Lorsque les habitants ont été interrogés sur les éléments qu’ils identifient comme étant constitutifs de la qualité environnementale de leur quartier, ils ont systématiquement fait référence à des éléments de la qualité de vie. Comme l’a exprimé un habitant lors d’un ‘focus groupe’, la qualité du quartier « c’est l'environnement mais aussi le lien entre les personnes ». Beaucoup ont fait référence à la convivialité dans le quartier :

« Ce qui manque c’est une vie dans ce quartier » M. Mésange, un habitant de Papus interrogé lors d’un parcours commenté

« Ce qui fait la qualité du quartier c'est l’amitié et le voisinage, oui c'est sûr. C'est surtout ça » M. Hirondelle, un habitant de Papus interrogé lors d’un parcours commenté

« Ce qui fait la qualité environnementale c’est le lien social. Mais ça fait pas partie de la qualité environnementale, non ? » M. Coccinelle, un habitant des Tours de Seysses interrogé lors d’un parcours commenté La matérialité de la ville quand elle est évoquée est associée elle aussi au vécu des habitants et au vivre ensemble. Un habitant évoque ainsi des « bâtiments à échelle humaine » et éviter la « concentration de population sur un petit espace » :

« Pour moi, la qualité environnementale ça rejoint aussi les petites structures d'habitations, des petits ensembles. […] Des bâtiments à échelle humaine, avec peu d'étages. Et construits de façon aéré et non pas avec une concentration de population sur un petit espace » Un habitant interrogé en ‘focus groupe’

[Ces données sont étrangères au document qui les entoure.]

(* Let $\mathcal{G}$ be a family of nonatomic routing problems with homogeneous users, and let $\beta \ge 0$. Then $$\mathrm{PoA}\big(\mathcal{G},T^{\mathrm{opt}+}(\beta)\big) \;\ge\; \mathrm{PoA}\big(\mathcal{G},T^{\mathrm{opt}-}(\beta)\big) \;\ge\; 1,$$ i.e., the optimal $\beta$-bounded subsidy mechanism has price of anarchy no greater than the optimal $\beta$-bounded tolling mechanism. Moreover, if every optimal $\beta$-bounded subsidy mechanism is tightly bounded, then the first inequality is strict.
   Context: A routing problem $G$ consists of a directed graph $(V,E)$, origin–destination pairs $(o_i,d_i)$, $i=1,\dots,k$, with traffic masses $r_i>0$, $\sum_i r_i=1$, and for each edge $e$ a nonnegative nondecreasing latency function $\ell_e:\mathbb{R}_{\ge0}\to\mathbb{R}_{\ge0}$. Let $\mathcal{P}_i$ be the set of simple $o_i$–$d_i$ paths. A flow assigns mass $f_P\ge0$ to each path, is feasible if $\sum_{P\in\mathcal{P}_i}f_P=r_i$ for all $i$, and has edge flows $f_e=\sum_{P\ni e}f_P$. Its total latency is $\mathcal{L}(f)=\sum_{e}f_e\ell_e(f_e)$, and $\mathcal{L}^{\mathrm{opt}}(G)$ is the minimum total latency over feasible flows. Users form a continuum $N=\bigcup_i N_i$ of disjoint intervals with Lebesgue measure $\mu(N_i)=r_i$; users in $N_i$ choose a path in $\mathcal{P}_i$. Each user $x$ has a sensitivity $s_x\ge0$ to incentives; users are homogeneous when $s_x=1$ for all $x$. For a family $\mathcal{G}$ of routing problems let $L(\mathcal{G})$ be the set of all latency functions occurring in it. An incentive mechanism $T$ assigns to each latency function $\ell\in L(\mathcal{G})$ a function $T(\ell):[0,1]\to\mathbb{R}$, and each edge $e$ receives incentive $\tau_e=T(\ell_e)$. A user $x\in N_i$ on path $P$ under flow $f$ has cost $J_x(P,f)=\sum_{e\in P}\big(\ell_e(f_e)+s_x\tau_e(f_e)\big)$; a Nash flow is a feasible flow in which every user uses a path minimizing its cost among $\mathcal{P}_i$. $\mathcal{L}^{\mathrm{Nash}}(G,T)$ is the highest total latency of a Nash flow, and $\mathrm{PoA}(\mathcal{G},T)=\sup_{G\in\mathcal{G}}\mathcal{L}^{\mathrm{Nash}}(G,T)/\mathcal{L}^{\mathrm{opt}}(G)$ (homogeneous users). A $\beta$-bounded tolling mechanism satisfies $T(\ell)[f]\in[0,\beta\ell(f)]$ for all $f\in[0,1]$ and all $\ell\in L(\mathcal{G})$; a $\beta$-bounded subsidy mechanism satisfies $T(\ell)[f]\in[-\beta\ell(f),0]$. $T^{\mathrm{opt}+}(\beta)$ (resp. $T^{\mathrm{opt}-}(\beta)$) denotes an optimal $\beta$-bounded tolling (resp. subsidy) mechanism, i.e., one minimizing $\mathrm{PoA}(\mathcal{G},\cdot)$ over all $\beta$-bounded tolling (resp. subsidy) mechanisms. A subsidy mechanism is tightly bounded if $T(\ell)[f]=-\beta\ell(f)$ for some $\ell\in L(\mathcal{G})$ and some $f\in(0,1]$ (i.e., the budget constraint is active).
   Formalization: A subsidy mechanism counts as tightly bounded only if also $\beta\ell(f) > 0$ at the point $f \in (0,1]$ where $T(\ell)[f]=-\beta\ell(f)$, so the active subsidy bound is strictly negative. The statement above fails without it. *)

theory Defs
  imports "HOL-Library.Extended_Real"
begin
lemma mechanism_orbit_mechanism: "mechanism n orbit_mechanism"
  unfolding mechanism_def
proof
  fix p assume p: "p \<in> profiles n"
  obtain \<psi> where \<psi>: "\<psi> \<in> U" "profile_act \<psi> (orbit_rep p) = p"
    by (rule transporter_from_orbit_rep)
  have "fixed_matching (orbit_rep p) \<in> matchings n"
    using fixed_matching_in_CU[OF orbit_rep_in_profiles[OF p]] by (simp add: CU_def)
  then have "matching_act \<psi> (fixed_matching (orbit_rep p)) \<in> matchings n"
    using \<psi>(1) subset_Gstar by (blast intro: matching_act_in_matchings)
  then show "orbit_mechanism p \<subseteq> matchings n"
    by (simp add: orbit_mechanism_eq[OF p \<psi>])
qed

lemma resolute_orbit_mechanism: "resolute n orbit_mechanism"
  unfolding resolute_def
proof
  fix p assume p: "p \<in> profiles n"
  obtain \<psi> where "\<psi> \<in> U" "profile_act \<psi> (orbit_rep p) = p"
    by (rule transporter_from_orbit_rep)
  then show "card (orbit_mechanism p) = 1"
    by (simp add: orbit_mechanism_eq[OF p])
qed

lemma symmetric_orbit_mechanism: "symmetric_wrt n U orbit_mechanism"
  unfolding symmetric_wrt_def
proof (intro ballI)
  fix p \<phi> assume p: "p \<in> profiles n" and \<phi>: "\<phi> \<in> U"
  obtain \<psi> where \<psi>: "\<psi> \<in> U" "profile_act \<psi> (orbit_rep p) = p"
    by (rule transporter_from_orbit_rep)
  have \<phi>p: "profile_act \<phi> p \<in> profiles n"
    using \<phi> p subset_Gstar by (blast intro: profile_act_in_profiles)
  have rep: "orbit_rep (profile_act \<phi> p) = orbit_rep p"
    using \<phi> by (rule orbit_rep_profile_act)
  have "profile_act (\<phi> \<circ> \<psi>) (orbit_rep (profile_act \<phi> p)) = profile_act \<phi> p"
    using \<phi> \<psi> by (simp add: rep profile_act_comp bij_mem)
  then have "orbit_mechanism (profile_act \<phi> p)
      = {matching_act (\<phi> \<circ> \<psi>) (fixed_matching (orbit_rep p))}"
    using orbit_mechanism_eq[OF \<phi>p comp_mem[OF \<phi> \<psi>(1)]] by (simp add: rep)
  then show "orbit_mechanism (profile_act \<phi> p) = matching_act \<phi> ` orbit_mechanism p"
    using \<phi> \<psi> by (simp add: orbit_mechanism_eq[OF p \<psi>] matching_act_comp bij_mem)
qed
text \<open>Derivative at a boundary point of the analytic continuation of b across the boundary:
  the derivative at xi of a function holomorphic on a neighbourhood ball of xi that
  agrees with b on the part of that ball inside the disc.\<close>
definition bdry_deriv :: "(complex \<Rightarrow> complex) \<Rightarrow> complex \<Rightarrow> complex" where
  "bdry_deriv b \<xi> = (SOME d. \<exists>e>0. \<exists>g. g holomorphic_on ball \<xi> e
       \<and> (\<forall>z\<in>ball \<xi> e \<inter> ball 0 1. g z = b z) \<and> d = deriv g \<xi>)"

end

theory Submission
  imports Defs "HOL-Complex_Analysis.Complex_Analysis"
begin

text \<open>If \<open>b\<close> maps the disc into itself and \<open>a = b(r\<xi>)\<close>, Schwarz--Pick at \<open>r\<xi>\<close> and \<open>t\<xi>\<close>
  with \<open>t \<rightarrow> 1\<close> gives the Julia-type inequality
  \<open>(1 - r\<^sup>2)(1 - |a|)\<^sup>2 \<le> (1 - |a|\<^sup>2) |b'(\<xi>)| (1 - r)\<^sup>2\<close>, and together with
  \<open>|b'(r\<xi>)| (1 - r\<^sup>2) \<le> 1 - |a|\<^sup>2\<close> this yields
  \<open>|b'(r\<xi>)| \<le> (1 + |a|)\<^sup>2 / (1 + r)\<^sup>2 |b'(\<xi>)| \<le> 4 |b'(\<xi>)|\<close>.

  The analytic continuation across an arc off the spectrum has to be constructed. Near such
  an arc \<open>|b| \<rightarrow> 1\<close>, so \<open>b\<close> has no zeros there. On a small disc orthogonal to the unit circle,
  take the Schwarz integral \<open>S\<close> of the boundary data \<open>-ln |b|\<close>, made odd under inversion
  in the unit circle. Comparing \<open>S\<close> with its reflection shows \<open>Re S = 0\<close> on the unit
  circle, so \<open>|exp S \<cdot> b| \<rightarrow> 1\<close> at the whole boundary of the part of the small disc inside
  the unit disc; by the maximum principle \<open>exp S \<cdot> b\<close> is constant, and \<open>b = k exp (-S)\<close>
  continues holomorphically.\<close>

lemma norm_one_minus_cnj_mult_gt_0:
  fixes a z :: complex
  assumes "norm a < 1" "norm z < 1"
  shows "0 < norm (1 - cnj a * z)"
proof -
  have "norm (cnj a * z) < 1"
    using assms mult_strict_mono[of "norm a" 1 "norm z" 1] by (simp add: norm_mult)
  then have "1 - cnj a * z \<noteq> 0" by auto
  then show ?thesis by simp
qed
lemma ramp_sup_le_bound:
  assumes B: "young_function B"
    and S: "\<And>n s. S n \<le> s \<Longrightarrow> B (real n ^ 2 * s) \<le> ennreal (1 / real n) * A s"
    and T: "\<And>n. real n \<le> T n" "\<And>n. real n * S n \<le> T n"
    and N: "c \<le> real N" "1 / e \<le> real N"
    and "0 < c" "0 < e" "0 < t" and BN: "B (real N * c * t) \<le> ennreal e * A t"
  shows "ramp_sup B T (c * t) \<le> ennreal e * A t"
  unfolding ramp_sup_def
proof (rule SUP_least)
  fix n
  show "B (real n * max 0 (c * t - T n)) \<le> ennreal e * A t"
  proof (cases "c * t \<le> T n")
    case True
    then show ?thesis using young_function_zero[OF B] by simp
  next
    case False
    have piece: "B (real n * max 0 (c * t - T n)) \<le> B (real n * (c * t))"
      using T(1)[of n] \<open>0 < c\<close> \<open>0 < t\<close> by (intro young_function_ramp_le[OF B]) auto
    show ?thesis
    proof (cases "n \<le> N")
      case True
      then have "B (real n * (c * t)) \<le> B (real N * c * t)"
        using \<open>0 < c\<close> \<open>0 < t\<close> by (intro young_function_mono[OF B]) (auto simp: mult.assoc)
      then show ?thesis using piece BN by order
    next
      case False
      then have n: "c \<le> real n" "1 / e \<le> real n" "0 < real n" using N \<open>0 < c\<close> by auto
      have "real n * S n < real n * t"
        using T(2)[of n] False \<open>\<not> c * t \<le> T n\<close> n(1) \<open>0 < t\<close> mult_right_mono[of c "real n" t]
        by linarith
      then have "S n \<le> t" using n(3) by simp
      have "B (real n * (c * t)) \<le> B (real n ^ 2 * t)"
        using n \<open>0 < c\<close> \<open>0 < t\<close>
        by (intro young_function_mono[OF B]) (auto simp: power2_eq_square mult.assoc)
      also have "\<dots> \<le> ennreal (1 / real n) * A t" using S[OF \<open>S n \<le> t\<close>] .
      also have "\<dots> \<le> ennreal e * A t"
        using n(2,3) \<open>0 < e\<close> by (intro mult_right_mono ennreal_leI) (auto simp: field_simps)
      finally show ?thesis using piece by order
    qed
  qed
qed
lemma smooth_path_jumps_between:
  assumes sm: "smooth P n M" and \<omega>: "\<omega> \<in> space P" and S: "\<sigma> \<in> Sn n" "\<sigma>' \<in> Sn n"
    and j: "j \<in> {1..n}" and step: "code_step n \<sigma> \<sigma>' j" and "0 \<le> a" "a < b"
    and crossing: "Inv_j (M a \<omega>) j \<le> Inv_j \<sigma> j" "Inv_j \<sigma> j < Inv_j (M b \<omega>) j"
    and staying: "\<And>k. k \<in> {1..n} \<Longrightarrow> k \<noteq> j \<Longrightarrow>
      Inv_j \<sigma> k \<le> Inv_j (M a \<omega>) k \<and> Inv_j (M b \<omega>) k \<le> Inv_j \<sigma> k"
  shows "\<exists>t>0. left_lim (\<lambda>u. M u \<omega>) t \<sigma> \<and> M t \<omega> = \<sigma>'"
proof -
  obtain u s where us: "a \<le> u" "u < s" "s \<le> b" "left_lim (\<lambda>t. M t \<omega>) s (M u \<omega>)"
    and at_j: "Inv_j (M u \<omega>) j = Inv_j \<sigma> j" and step': "code_step n (M u \<omega>) (M s \<omega>) j"
    using smooth_upcrossing[OF sm \<omega> j \<open>0 \<le> a\<close> \<open>a < b\<close> crossing] by blast
  have in_Sn: "M u \<omega> \<in> Sn n" "M s \<omega> \<in> Sn n" using us \<open>0 \<le> a\<close> smooth_in_Sn[OF sm \<omega>] by auto
  have "Inv_j (M u \<omega>) k = Inv_j \<sigma> k" if "k \<in> {1..n}" for k
  proof (cases "k = j")
    case False
    have "Inv_j (M a \<omega>) k \<le> Inv_j (M u \<omega>) k" "Inv_j (M u \<omega>) k \<le> Inv_j (M b \<omega>) k"
      using us \<open>0 \<le> a\<close> by (auto intro: smooth_Inv_j_mono[OF sm \<omega> that])
    with staying[OF that False] show ?thesis by simp
  qed (use at_j in simp)
  then have "M u \<omega> = \<sigma>" using in_Sn S by (intro permutes_eq_if_Inv_j_eq) (auto simp: Sn_def)
  moreover have "M s \<omega> = \<sigma>'"
    using step step' in_Sn S \<open>M u \<omega> = \<sigma>\<close> by (intro code_step_unique) (auto simp: Sn_def)
  ultimately show ?thesis using us \<open>0 \<le> a\<close> by (intro exI[of _ s]) auto
qed

text \<open>At the times of \<open>mallows_jump_times\<close>, each code entry behaves as required by
  \<open>smooth_path_jumps_between\<close> with positive probability, hence by independence all entries do
  at once.\<close>
lemma regular_jump_window_pos:
  assumes reg: "regular P n M" and S: "\<sigma> \<in> Sn n" "\<sigma>' \<in> Sn n"
    and j: "j \<in> {1..n}" and less: "Inv_j \<sigma> j < Inv_j \<sigma>' j"
  obtains a b where "0 \<le> a" "a < b"
    "0 < measure P {\<omega>\<in>space P. Inv_j (M a \<omega>) j \<le> Inv_j \<sigma> j \<and> Inv_j \<sigma> j < Inv_j (M b \<omega>) j \<and>
       (\<forall>k\<in>{1..n} - {j}. Inv_j \<sigma> k \<le> Inv_j (M a \<omega>) k \<and> Inv_j (M b \<omega>) k \<le> Inv_j \<sigma> k)}"
proof -
  have mp: "mallows_process P n M" using reg by (simp add: regular_def smooth_imp_mallows_process)
  obtain a b where ab: "0 < a" "a < b"
    and cross: "mallows_prob n (\<lambda>\<rho>. Inv_j \<rho> j \<le> Inv_j \<sigma> j) b < mallows_prob n (\<lambda>\<rho>. Inv_j \<rho> j \<le> Inv_j \<sigma> j) a"
    and stay: "\<And>k. k \<in> {1..n} \<Longrightarrow>
      mallows_prob n (\<lambda>\<rho>. Inv_j \<rho> k < Inv_j \<sigma> k) a < mallows_prob n (\<lambda>\<rho>. Inv_j \<rho> k \<le> Inv_j \<sigma> k) b"
    using mallows_jump_times[OF S less] by blast
  define R where "R k x y \<longleftrightarrow> (if k = j then x \<le> Inv_j \<sigma> j \<and> \<not> y \<le> Inv_j \<sigma> j
    else y \<le> Inv_j \<sigma> k \<and> \<not> x < Inv_j \<sigma> k)" for k x y
  define A where "A k = {\<omega>\<in>space P. R k (Inv_j (M a \<omega>) k) (Inv_j (M b \<omega>) k)}" for k
  have "0 < measure P (A k)" if "k \<in> {1..n}" for k
  proof (cases "k = j")
    case True
    then show ?thesis
      using mallows_process_prob_pos[OF mp _ _ cross] ab by (simp add: A_def R_def)
  next
    case False
    then show ?thesis
      using mallows_process_prob_pos[OF mp _ _ stay[OF that]] ab
      by (simp add: A_def R_def conj_commute)
  qed
  then have "0 < (\<Prod>k\<in>{1..n}. measure P (A k))" by (intro prod_pos) auto
  then have "0 < measure P (\<Inter>k\<in>{1..n}. A k)"
    using regular_prob_Inter[OF reg, of a b R] ab j by (simp add: A_def)
  moreover have "(\<Inter>k\<in>{1..n}. A k) =
      {\<omega>\<in>space P. Inv_j (M a \<omega>) j \<le> Inv_j \<sigma> j \<and> Inv_j \<sigma> j < Inv_j (M b \<omega>) j \<and>
       (\<forall>k\<in>{1..n} - {j}. Inv_j \<sigma> k \<le> Inv_j (M a \<omega>) k \<and> Inv_j (M b \<omega>) k \<le> Inv_j \<sigma> k)}"
    using j by (auto simp: A_def R_def not_le not_less split: if_splits)
  ultimately show ?thesis using ab by (intro that[of a b]) auto
qed

lemma regular_jump_event:
  assumes reg: "regular P n M" and S: "\<sigma> \<in> Sn n" "\<sigma>' \<in> Sn n"
    and j: "j \<in> {1..n}" and step: "code_step n \<sigma> \<sigma>' j"
  shows "jump_event P M \<sigma> \<sigma>'"
proof (rule ccontr)
  assume "\<not> jump_event P M \<sigma> \<sigma>'"
  then have no_jump: "AE \<omega> in P. \<not> (\<exists>t>0. left_lim (\<lambda>u. M u \<omega>) t \<sigma> \<and> M t \<omega> = \<sigma>')"
    by (simp add: jump_event_def)
  have sm: "smooth P n M" using reg by (simp add: regular_def)
  interpret prob_space P using smooth_imp_mallows_process[OF sm] by (simp add: mallows_process_def)
  have "Inv_j \<sigma> j < Inv_j \<sigma>' j" using step j by (simp add: code_step_def)
  then obtain a b where ab: "0 \<le> a" "a < b" and pos: "0 < \<P>(\<omega> in P. Inv_j (M a \<omega>) j \<le> Inv_j \<sigma> j \<and>
      Inv_j \<sigma> j < Inv_j (M b \<omega>) j \<and>
      (\<forall>k\<in>{1..n} - {j}. Inv_j \<sigma> k \<le> Inv_j (M a \<omega>) k \<and> Inv_j (M b \<omega>) k \<le> Inv_j \<sigma> k))"
    using regular_jump_window_pos[OF reg S j] by blast
  have "AE \<omega> in P. \<not> (Inv_j (M a \<omega>) j \<le> Inv_j \<sigma> j \<and> Inv_j \<sigma> j < Inv_j (M b \<omega>) j \<and>
      (\<forall>k\<in>{1..n} - {j}. Inv_j \<sigma> k \<le> Inv_j (M a \<omega>) k \<and> Inv_j (M b \<omega>) k \<le> Inv_j \<sigma> k))"
    using no_jump AE_space
  proof eventually_elim
    case (elim \<omega>)
    then show ?case using smooth_path_jumps_between[OF sm elim(2) S j step ab] by blast
  qed
  with pos show False by (simp add: prob_eq_0_AE)
qed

Un autre aborde la question des commerces de proximité et leur impact sur la vie des habitants :

« Pour une bonne qualité environnementale, il faudrait ce genre de services qui nous facilitent la vie. Il faudrait un peu plus de magasins, sauf que quand il y en a qui ouvrent, ça marche pas très bien, les gens continuent d'aller loin pour faire leurs courses » Un habitant interrogé en ‘focus groupe’

Les habitants identifient également l’importance des spécificités territoriales dans la définition de la qualité environnementale. L’un d’eux en ‘focus groupe’ explique que « si on parle de la qualité environnementale, il va falloir la regarder rue par rue ». Un autre évoque l’esthétique des bâtiments qui doit marquer l’identité du quartier :

« Peu importe le style, il faut que ce soit bien rénové, avec une esthétique agréable et pas des choses répétitives avec juste quelques petites décorations sur les façades, donc beaucoup plus d'imagination, d'originalité. Je pense que dans certaines villes, il faut marquer l'originalité, l'identité de la ville » Un habitant interrogé en ‘focus groupe’

Telle qu’elle est abordée par les habitants, la qualité environnementale est un concept global et systémique qui œuvre au service du bien-être de chacun.